In February 1950, Senator Joseph R. McCarthy had charged that the


Department of State knowingly harbored Communists. Hearings on
McCarthy's accusations were held under the chairmanship of Senator Millard
Tydings of Maryland. The committee exonerated the State Department.
Critics called the proceedings a "whitewash."
Following McCarthy's charges, anxiety over domestic communism
intensified. In 1950, the Supreme Court upheld the conviction of 11 top
leaders of the Communist Party under the Smith Act. The court also refused
to review the convictions of two Hollywood writers who had refused to
answer questions before a Congressional committee about possible
Communist connections. Meanwhile, a Justice Department official, Judith
Coplon, was convicted of conspiracy with a Soviet representative at the
United Nations (later reversed on procedural grounds), and four people--
Harry Gold, David Greenglass, and Julius and Ethel Rosenberg--were arrested
on charges of atomic espionage.

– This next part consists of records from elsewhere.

section \<open>Colourings\<close>

definition colour_proj :: "(nat \<Rightarrow> bool) \<Rightarrow> ('a \<times> nat) list \<Rightarrow> 'a list" where
  "colour_proj Q cs = map fst (filter (\<lambda>x. Q (snd x)) cs)"

abbreviation colour_class :: "nat \<Rightarrow> ('a \<times> nat) list \<Rightarrow> 'a list" where
  "colour_class c \<equiv> colour_proj (\<lambda>d. d = c)"

definition is_colouring :: "'a list \<Rightarrow> nat \<Rightarrow> ('a \<times> nat) list \<Rightarrow> bool" where
  "is_colouring w N cs \<longleftrightarrow> (\<forall>x\<in>set cs. snd x < N) \<and> (\<forall>c<N. colour_class c cs = w)"

lemma colour_proj_simps [simp]:
  "colour_proj Q [] = []"
  "colour_proj Q (x # cs) = (if Q (snd x) then fst x # colour_proj Q cs else colour_proj Q cs)"
  "colour_proj Q (cs @ ds) = colour_proj Q cs @ colour_proj Q ds"
  by (simp_all add: colour_proj_def)

lemma colour_proj_eq_Nil_iff: "colour_proj Q cs = [] \<longleftrightarrow> (\<forall>x\<in>set cs. \<not> Q (snd x))"
  by (induction cs) auto

lemma colour_proj_eq_map_fst_iff: "colour_proj Q cs = map fst cs \<longleftrightarrow> (\<forall>x\<in>set cs. Q (snd x))"
proof
  assume "colour_proj Q cs = map fst cs"
  then have "length (filter (\<lambda>x. Q (snd x)) cs) = length cs"
    unfolding colour_proj_def using length_map by metis
  then show "\<forall>x\<in>set cs. Q (snd x)"
    using length_filter_less[of _ cs "\<lambda>x. Q (snd x)"] by (auto simp del: length_filter_less)
qed (simp add: colour_proj_def)

lemma colour_class_snd_neq_Nil: "x \<in> set cs \<Longrightarrow> colour_class (snd x) cs \<noteq> []"
  by (auto simp: colour_proj_eq_Nil_iff)

lemma colour_proj_two_colours:
  assumes "\<forall>x\<in>set cs. snd x = p \<or> snd x = q" and "p \<noteq> q"
  shows "colour_proj Q cs =
    (if Q p then if Q q then map fst cs else colour_class p cs
     else if Q q then colour_class q cs else [])"
  using assms by (induction cs) auto

lemma suffix_colour_proj: "suffix ds cs \<Longrightarrow> suffix (colour_proj Q ds) (colour_proj Q cs)"
  by (auto simp: suffix_def)

lemma subseq_colour_proj: "subseq (colour_proj Q cs) (map fst cs)"
  unfolding colour_proj_def by (simp add: subseq_map)

lemma count_list_eq_sum_colour_classes:
  "\<forall>x\<in>set cs. snd x < N \<Longrightarrow> count_list (map fst cs) a = (\<Sum>c<N. count_list (colour_class c cs) a)"
proof (induction cs)
  case (Cons x cs)
  have "(\<Sum>c<N. count_list (colour_class c (x # cs)) a)
      = (\<Sum>c<N. (if c = snd x then of_bool (fst x = a) else 0) + count_list (colour_class c cs) a)"
    by (rule sum.cong) auto
  also have "\<dots> = of_bool (fst x = a) + (\<Sum>c<N. count_list (colour_class c cs) a)"
    using Cons.prems by (simp add: sum.distrib)
  finally show ?case
    using Cons by simp
qed simp

lemma is_colouring_ins_step:
  assumes "is_colouring w N cs" and "ins_step {w} (map fst cs) v"
  shows "\<exists>cs'. map fst cs' = v \<and> is_colouring w (Suc N) cs' \<and> filter (\<lambda>x. snd x < N) cs' = cs"
proof -
  define cw where "cw = map (\<lambda>x. (x, N)) w"
  have "map fst cw = w"
    by (simp add: cw_def comp_def)
  with assms(2) obtain cs' where cs': "map fst cs' = v" "cs' \<in> shuffles cs cw"
    using in_shuffles_map_lift by (fastforce simp: ins_step_singleton_iff)
  have filter_cs': "filter P cs' = filter P cs" if "\<forall>x\<in>set cw. \<not> P x" for P
    using filter_in_shufflesI[OF cs'(2), of P] that by (simp add: filter_False)
  have "colour_class N cs' = w"
  proof -
    have "filter (\<lambda>x. snd x = N) cs = []"
      using assms(1) by (auto simp: is_colouring_def filter_empty_conv)
    then have "filter (\<lambda>x. snd x = N) cs' = cw"
      using filter_in_shufflesI[OF cs'(2), of "\<lambda>x. snd x = N"] by (simp add: cw_def)
    then show ?thesis
      using \<open>map fst cw = w\<close> by (simp add: colour_proj_def)
  qed
  moreover have "colour_class c cs' = w" if "c < N" for c
    using filter_cs'[of "\<lambda>x. snd x = c"] assms(1) that
    by (simp add: colour_proj_def cw_def is_colouring_def)
  moreover have "\<forall>x\<in>set cs'. snd x < Suc N"
    using set_shuffles[OF cs'(2)] assms(1) by (auto simp: is_colouring_def cw_def)
  ultimately have "is_colouring w (Suc N) cs'"
    by (auto simp: is_colouring_def less_Suc_eq)
  moreover have "filter (\<lambda>x. snd x < N) cs' = cs"
    using filter_cs'[of "\<lambda>x. snd x < N"] assms(1) by (simp add: cw_def is_colouring_def)
  ultimately show ?thesis
    using cs'(1) by blast
qed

Around the same time, a grand jury issued
indictments for the illegal transfer of hundreds of classified documents from
the State Department to the offices of a journal called Amerasia.
In September 1950, Congress passed the McCarran Act over President
Truman's veto. The act required members of Communist-front organizations
to register with a Subversive Activities Control Board. A book by a former
U.S. Naval Intelligence officer, Vincent Hartnet, titled Red Channels, made
sweeping accusations about Communist influence in the entertainment
industry. The book's charges led the House Un-American Activities
Committee to investigate actors, producers, and screenwriters, all of whom
were accused of using film, stage, and radio as vehicles for Communist
propaganda.
In 1951, the head of the FBI assured Congress that his organization
was ready to arrest 14,000 dangerous Communists in the event of war with
the Soviet Union. A foundation offered $100,000 to support research in
creating a device for detecting traitors.

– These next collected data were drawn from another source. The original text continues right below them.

(* Fix one of the ground state sequences (A) or (B) and $m\in\mathbb Z$. For every $a\in\mathbb Z_{>0}$, $B_a|m\rangle=0$ in $\mathcal F_m$.
   Context: Setting: $\mathfrak g=\widehat{\mathfrak{sl}}_2$, $U_q(\mathfrak g)$ with coproduct $\Delta(e_i)=e_i\otimes1+t_i^{-1}\otimes e_i$, $\Delta(f_i)=f_i\otimes t_i+1\otimes f_i$, $\Delta(q^h)=q^h\otimes q^h$; $[n]=(q^n-q^{-n})/(q-q^{-1})$; $A\subset\mathbb Q(q)$ the ring of rational functions regular at $q=0$; $J=\{0,1,2\}$. $V_{\mathrm{aff}}$ has basis $z^av_j$ ($a\in\mathbb Z$, $j\in J$) with $\mathrm{wt}(z^av_j)=2(1-j)(\Lambda_1-\Lambda_0)+a\delta$, $e_1z^av_j=[3-j]z^av_{j-1}$, $f_1z^av_j=[j+1]z^av_{j+1}$, $e_0z^av_j=[j+1]z^{a+1}v_{j+1}$, $f_0z^av_j=[3-j]z^{a-1}v_{j-1}$ ($v_{-1}=v_3=0$); $z^b:z^av_j\mapsto z^{a+b}v_j$; $B_{\mathrm{aff}}=\{z^ab_j\}$, $G(z^ab_j)=z^av_j$. $N\subset V_{\mathrm{aff}}^{\otimes2}$ is the smallest subspace containing $v_0\otimes v_0$ stable under $U_q(\mathfrak g)$ and under $z\otimes z$, $z^{-1}\otimes z^{-1}$, $z\otimes1+1\otimes z$; $\bigwedge^nV_{\mathrm{aff}}=V_{\mathrm{aff}}^{\otimes n}/\sum_rV_{\mathrm{aff}}^{\otimes r}\otimes N\otimes V_{\mathrm{aff}}^{\otimes(n-r-2)}$ with lattice $L(\bigwedge^nV_{\mathrm{aff}})$ the image of the $A$-span of $G(c_1)\otimes\cdots\otimes G(c_n)$. Ground state sequences: (A) $b^\circ_m=zb_2$ ($m$ even), $b^\circ_m=b_0$ ($m$ odd); (B) $b^\circ_m=b_1$; $v^\circ_m=G(b^\circ_m)$. $\bar{\mathcal F}_m$ is the inductive limit of $\bigwedge^rV_{\mathrm{aff}}$ along $u\mapsto u\wedge v^\circ_{m+r}$, with image of $u$ written $u\wedge\overline{|m+r\rangle}$ and lattice $L(\bar{\mathcal F}_m)$ the $A$-span of images of the $L(\bigwedge^rV_{\mathrm{aff}})$; $\mathcal F_m=\bar{\mathcal F}_m/\bigcap_{n>0}q^nL(\bar{\mathcal F}_m)$ with $q$-adic topology (neighborhood basis $q^nL(\mathcal F_m)$), $|m\rangle$ the image of $\overline{|m\rangle}$. The boson $B_a$ ($a\neq0$) acts on $\mathcal F_m$ as $\sum_{s\ge0}1^{\otimes s}\otimes z^a\otimes1^{\otimes\infty}$, i.e. applying $z^a$ to one wedge factor at a time and summing over all positions (this sum converges $q$-adically); thus $B_a|m\rangle=\sum_{s\ge0}v^\circ_m\wedge\cdots\wedge v^\circ_{m+s-1}\wedge z^av^\circ_{m+s}\wedge|m+s+1\rangle$. *)

theory Defs
  imports "HOL-Computational_Algebra.Polynomial" "HOL-Computational_Algebra.Fraction_Field"
begin

type_synonym K = "rat poly fract"

definition qq :: K where "qq = Fract [:0, 1:] 1"

definition qint :: "int \<Rightarrow> K" where
  "qint n = (qq powi n - qq powi (-n)) / (qq - inverse qq)"

definition ringA :: "K set" where
  "ringA = {x. \<exists>p r. poly r 0 \<noteq> 0 \<and> x = Fract p r}"

text \<open>The basis element z^a v_j of V_aff is encoded as the pair (a, j), j in J = {0,1,2}.\<close>
type_synonym bv = "int \<times> nat"

definition valid :: "bv \<Rightarrow> bool" where "valid x \<longleftrightarrow> snd x \<le> 2"

definition dlt :: "'b \<Rightarrow> 'b \<Rightarrow> K" where "dlt x = (\<lambda>y. if y = x then 1 else 0)"

inductive_set kspan :: "('b \<Rightarrow> K) set \<Rightarrow> ('b \<Rightarrow> K) set" for S where
  kspan_zero: "(\<lambda>_. 0) \<in> kspan S"
| kspan_add: "f \<in> kspan S \<Longrightarrow> g \<in> S \<Longrightarrow> (\<lambda>x. f x + c * g x) \<in> kspan S"

inductive_set aspan :: "('b \<Rightarrow> K) set \<Rightarrow> ('b \<Rightarrow> K) set" for S where
  aspan_zero: "(\<lambda>_. 0) \<in> aspan S"
| aspan_add: "f \<in> aspan S \<Longrightarrow> g \<in> S \<Longrightarrow> c \<in> ringA \<Longrightarrow> (\<lambda>x. f x + c * g x) \<in> aspan S"

definition opE1 :: "bv \<Rightarrow> bv \<Rightarrow> K" where
  "opE1 x = (case x of (a, j) \<Rightarrow> (\<lambda>y. if 1 \<le> j \<and> j \<le> 2 \<and> y = (a, j - 1) then qint (3 - int j) else 0))"
definition opF1 :: "bv \<Rightarrow> bv \<Rightarrow> K" where
  "opF1 x = (case x of (a, j) \<Rightarrow> (\<lambda>y. if j \<le> 1 \<and> y = (a, j + 1) then qint (int j + 1) else 0))"
definition opE0 :: "bv \<Rightarrow> bv \<Rightarrow> K" where
  "opE0 x = (case x of (a, j) \<Rightarrow> (\<lambda>y. if j \<le> 1 \<and> y = (a + 1, j + 1) then qint (int j + 1) else 0))"
definition opF0 :: "bv \<Rightarrow> bv \<Rightarrow> K" where
  "opF0 x = (case x of (a, j) \<Rightarrow> (\<lambda>y. if 1 \<le> j \<and> j \<le> 2 \<and> y = (a - 1, j - 1) then qint (3 - int j) else 0))"

definition opE :: "nat \<Rightarrow> bv \<Rightarrow> bv \<Rightarrow> K" where "opE i = (if i = 0 then opE0 else opE1)"
definition opF :: "nat \<Rightarrow> bv \<Rightarrow> bv \<Rightarrow> K" where "opF i = (if i = 0 then opF0 else opF1)"

text \<open>Pairing <h, wt(z^a v_j)> for h = n0 h_0 + n1 h_1 + nd d, where
  wt(z^a v_j) = 2(1-j)(Lambda_1 - Lambda_0) + a delta.\<close>
definition hpair :: "int \<Rightarrow> int \<Rightarrow> int \<Rightarrow> bv \<Rightarrow> int" where
  "hpair n0 n1 nd x = (case x of (a, j) \<Rightarrow> (n1 - n0) * (2 * (1 - int j)) + nd * a)"

definition opQ :: "int \<Rightarrow> int \<Rightarrow> int \<Rightarrow> bv \<Rightarrow> bv \<Rightarrow> K" where
  "opQ n0 n1 nd x = (\<lambda>y. if y = x then qq powi hpair n0 n1 nd x else 0)"

definition opT :: "nat \<Rightarrow> bv \<Rightarrow> bv \<Rightarrow> K" where
  "opT i = (if i = 0 then opQ 1 0 0 else opQ 0 1 0)"
definition opTinv :: "nat \<Rightarrow> bv \<Rightarrow> bv \<Rightarrow> K" where
  "opTinv i = (if i = 0 then opQ (-1) 0 0 else opQ 0 (-1) 0)"

definition opId :: "bv \<Rightarrow> bv \<Rightarrow> K" where "opId = dlt"

definition zsh :: "int \<Rightarrow> bv \<Rightarrow> bv" where "zsh b x = (fst x + b, snd x)"
definition opZ :: "int \<Rightarrow> bv \<Rightarrow> bv \<Rightarrow> K" where "opZ b x = dlt (zsh b x)"

definition app2 :: "(bv \<Rightarrow> bv \<Rightarrow> K) \<Rightarrow> (bv \<Rightarrow> bv \<Rightarrow> K) \<Rightarrow> (bv \<times> bv \<Rightarrow> K) \<Rightarrow> (bv \<times> bv \<Rightarrow> K)" where
  "app2 X Y f = (\<lambda>(y1, y2). \<Sum>p\<in>{p. f p \<noteq> 0}. f p * X (fst p) y1 * Y (snd p) y2)"

definition vadd :: "('b \<Rightarrow> K) \<Rightarrow> ('b \<Rightarrow> K) \<Rightarrow> ('b \<Rightarrow> K)" where
  "vadd f g = (\<lambda>x. f x + g x)"

text \<open>N: smallest subspace containing v_0 (x) v_0, stable under U_q (acting via the coproduct,
  generators e_i, f_i, q^h) and under z(x)z, z^-1(x)z^-1, z(x)1 + 1(x)z.\<close>
inductive_set Nsp :: "(bv \<times> bv \<Rightarrow> K) set" where
  N_base: "dlt ((0, 0), (0, 0)) \<in> Nsp"
| N_add: "f \<in> Nsp \<Longrightarrow> g \<in> Nsp \<Longrightarrow> vadd f g \<in> Nsp"
| N_smul: "f \<in> Nsp \<Longrightarrow> (\<lambda>x. c * f x) \<in> Nsp"
| N_e: "f \<in> Nsp \<Longrightarrow> i \<le> 1 \<Longrightarrow> vadd (app2 (opE i) opId f) (app2 (opTinv i) (opE i) f) \<in> Nsp"
| N_f: "f \<in> Nsp \<Longrightarrow> i \<le> 1 \<Longrightarrow> vadd (app2 (opF i) (opT i) f) (app2 opId (opF i) f) \<in> Nsp"
| N_q: "f \<in> Nsp \<Longrightarrow> app2 (opQ n0 n1 nd) (opQ n0 n1 nd) f \<in> Nsp"
| N_zz: "f \<in> Nsp \<Longrightarrow> app2 (opZ 1) (opZ 1) f \<in> Nsp"
| N_zizi: "f \<in> Nsp \<Longrightarrow> app2 (opZ (-1)) (opZ (-1)) f \<in> Nsp"
| N_zsum: "f \<in> Nsp \<Longrightarrow> vadd (app2 (opZ 1) opId f) (app2 opId (opZ 1) f) \<in> Nsp"

text \<open>Vectors of V_aff^(x)R: functions on basis lists of length R.
  ins u n w is (basis tensor u) (x) n (x) (basis tensor w).\<close>
definition ins :: "bv list \<Rightarrow> (bv \<times> bv \<Rightarrow> K) \<Rightarrow> bv list \<Rightarrow> (bv list \<Rightarrow> K)" where
  "ins u n w = (\<lambda>y. if length y = length u + 2 + length w \<and> take (length u) y = u
       \<and> drop (length u + 2) y = w then n (y ! length u, y ! Suc (length u)) else 0)"

text \<open>Kernel of V^(x)R -> wedge^R: sum over r of V^(x)r (x) N (x) V^(x)(R-r-2)\<close>
definition NR :: "nat \<Rightarrow> (bv list \<Rightarrow> K) set" where
  "NR R = kspan {ins u n w | u n w. n \<in> Nsp \<and> list_all valid u \<and> list_all valid w
                                   \<and> length u + 2 + length w = R}"

text \<open>x in V^(x)R has image in q^n L(wedge^R)\<close>
definition in_qL_wedge :: "nat \<Rightarrow> nat \<Rightarrow> (bv list \<Rightarrow> K) \<Rightarrow> bool" where
  "in_qL_wedge R n x \<longleftrightarrow> (\<exists>l k. l \<in> aspan {dlt u | u. length u = R \<and> list_all valid u}
       \<and> k \<in> NR R \<and> x = (\<lambda>y. qq ^ n * l y + k y))"

datatype gseq = SeqA | SeqB

definition gs :: "gseq \<Rightarrow> int \<Rightarrow> bv" where
  "gs g m = (case g of SeqA \<Rightarrow> (if even m then (1, 2) else (0, 0)) | SeqB \<Rightarrow> (0, 1))"

text \<open>Transition map wedge^R -> wedge^R' of the inductive system defining Fbar_m:
  u |-> u wedge v^o_{m+R} wedge ... wedge v^o_{m+R'-1} (on representatives in V^(x)R).\<close>
definition ext :: "gseq \<Rightarrow> int \<Rightarrow> nat \<Rightarrow> nat \<Rightarrow> (bv list \<Rightarrow> K) \<Rightarrow> (bv list \<Rightarrow> K)" where
  "ext g m R R' w = (\<lambda>y. if length y = R' \<and> (\<forall>i\<in>{R..<R'}. y ! i = gs g (m + int i))
                          then w (take R y) else 0)"

text \<open>Elements of Fbar_m are represented by pairs (R, w), w in V^(x)R, standing for
  the image of w in wedge^R followed by the image in the inductive limit.\<close>
type_synonym fbar = "nat \<times> (bv list \<Rightarrow> K)"

definition fbar_add :: "gseq \<Rightarrow> int \<Rightarrow> fbar \<Rightarrow> fbar \<Rightarrow> fbar" where
  "fbar_add g m x y = (max (fst x) (fst y),
      vadd (ext g m (fst x) (max (fst x) (fst y)) (snd x)) (ext g m (fst y) (max (fst x) (fst y)) (snd y)))"

text \<open>Membership in q^n L(Fbar_m) (the A-span of the images of the q^n L(wedge^r)).\<close>
definition in_qL_fbar :: "gseq \<Rightarrow> int \<Rightarrow> nat \<Rightarrow> fbar \<Rightarrow> bool" where
  "in_qL_fbar g m n x \<longleftrightarrow> (\<exists>R'\<ge>fst x. in_qL_wedge R' n (ext g m (fst x) R' (snd x)))"

text \<open>A sequence in Fbar_m whose image in F_m tends to 0 in the q-adic topology
  (neighbourhood basis q^n L(F_m); its preimage in Fbar_m is q^n L(Fbar_m)).\<close>
definition F_tendsto_zero :: "gseq \<Rightarrow> int \<Rightarrow> (nat \<Rightarrow> fbar) \<Rightarrow> bool" where
  "F_tendsto_zero g m X \<longleftrightarrow> (\<forall>n. \<exists>S0. \<forall>S\<ge>S0. in_qL_fbar g m n (X S))"

text \<open>s-th term: v^o_m wedge ... wedge v^o_{m+s-1} wedge z^a v^o_{m+s} wedge |m+s+1>\<close>
definition Bterm :: "gseq \<Rightarrow> int \<Rightarrow> int \<Rightarrow> nat \<Rightarrow> fbar" where
  "Bterm g m a s = (Suc s,
     dlt (map (\<lambda>i. if i = s then zsh a (gs g (m + int i)) else gs g (m + int i)) [0..<Suc s]))"

primrec Bpartial :: "gseq \<Rightarrow> int \<Rightarrow> int \<Rightarrow> nat \<Rightarrow> fbar" where
  "Bpartial g m a 0 = (0, (\<lambda>_. 0))"
| "Bpartial g m a (Suc S) = fbar_add g m (Bpartial g m a S) (Bterm g m a S)"

end

theory Submission
  imports Defs
begin

text \<open>
  The single excitation z^a v^o_{m+s} in each term of B_a|m> can be pushed to the right
  through the ground-state tail, gaining a power of q at each step. Call a basis vector
  w above the ground state v^o_p if wt w - wt v^o_p is a nonzero sum of simple roots,
  and measure it by a potential P_p(w) >= 1 built from the root coordinates of that
  difference. The q-wedge relations in N rewrite w (x) v^o_{p+1} as a combination of
  terms x (x) w' with w' above v^o_{p+1} and coefficients divisible by q^(1 +
  P_{p+1}(w') - P_p(w)). For the minimal w these are a dozen explicit relations
  generated from v_0 (x) v_0; the others follow from these by applying z (x) 1 + 1 (x)
  z, which shifts both potentials by the same amount. By induction on k, every word
  ending in w, v^o_{p+1}, ..., v^o_{p+k} lies in q^(k - P_p(w)) L, and z^a v^o_p has
  potential at most 2a. Hence each term of B_a|m> lies in q^n L for all n.
\<close>

lemma Fract_power: "Fract (p :: rat poly) 1 ^ n = Fract (p ^ n) 1"
  by (induction n) (simp_all add: One_fract_def)

lemma Fract_nonzero: "poly (p :: rat poly) 0 \<noteq> 0 \<Longrightarrow> Fract p 1 \<noteq> 0"
  by (auto simp add: Zero_fract_def eq_fract)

Margaret Chase Smith: The Conscience of the


Senate
Margaret Chase Smith was the first woman elected to both houses of
Congress. She was the first woman to enter the Senate without being
appointed to the position. During World War II, she was the only civilian
woman to go to sea in a Navy ship in wartime. She was also the first woman
to have her name placed in nomination for president at a major party
convention. With only a high school education, she entered politics after her
husband, a Republican member of Congress, died. She served four terms in
the House and four terms in the Senate.
Smith, known as "the conscience of the Senate," gained a reputation
for courage and independence when she became the first person in Congress
to condemn the anti-communist witch hunt led by Senator Joseph McCarthy
of Wisconsin. In a 15-minute speech on June 1, 1950, barely a year after
entering the Senate, she denounced McCarthy for destroying reputations
with his reckless charges about Communists and "fellow travelers" in
government. She never mentioned the anti-communist crusader by name;
although, no one doubted who she referred to. She told the Senate it was
time to stop conducting "character assassination" behind "the shield of
congressional immunity."
Smith then read a "Declaration of Conscience," signed by six fellow
Republicans. "The nation sorely needs a Republican victory," she declared,
"but I don't want to see the Republican Party ride to political victory on the
four horsemen of calumny [misrepresentation]--fear, ignorance, bigotry, and
smear."
McCarthy threatened to destroy her political career. But she was so
highly regarded that voters easily re-elected her to the Senate. Many
speculated that she would run for president in 1952. Asked what she would
do if she woke up in the White House, she replied: "I'd go straight to Mrs.
Truman and apologize. And then I'd go home."

McCarthy Condemned
In 1954, a Senate committee found that Senator McCarthy had
wrongfully defied the authority of the Senate and certainly of its committees,
and that he had been abusive of his colleagues (one he had called them "a
living miracle, without brains or guts"). After the fall elections of 1954, the
Senate voted to condemn McCarthy for conduct unbecoming to his office.
The final vote was bipartisan, with 22 Republicans joining 44 Democrats, and
22 Republicans opposed.

Answer the following questions on a separate


sheet of paper:
(You don't need to re-copy the questions...just write your answers!)
1 What was the Era of Consensus? (CrashCourse)
2 What did Rosa Parks do before she sparked the Montgomery Bus
Boycott? Be sure to get this information from the video, not from what
you have learned in previous classes. (CrashCourse)
3 What was Sen. Margaret Chase Smith's opinion of Sen. Joseph
McCarthy? (Reading)
4 What was the McCarran Act? (Reading)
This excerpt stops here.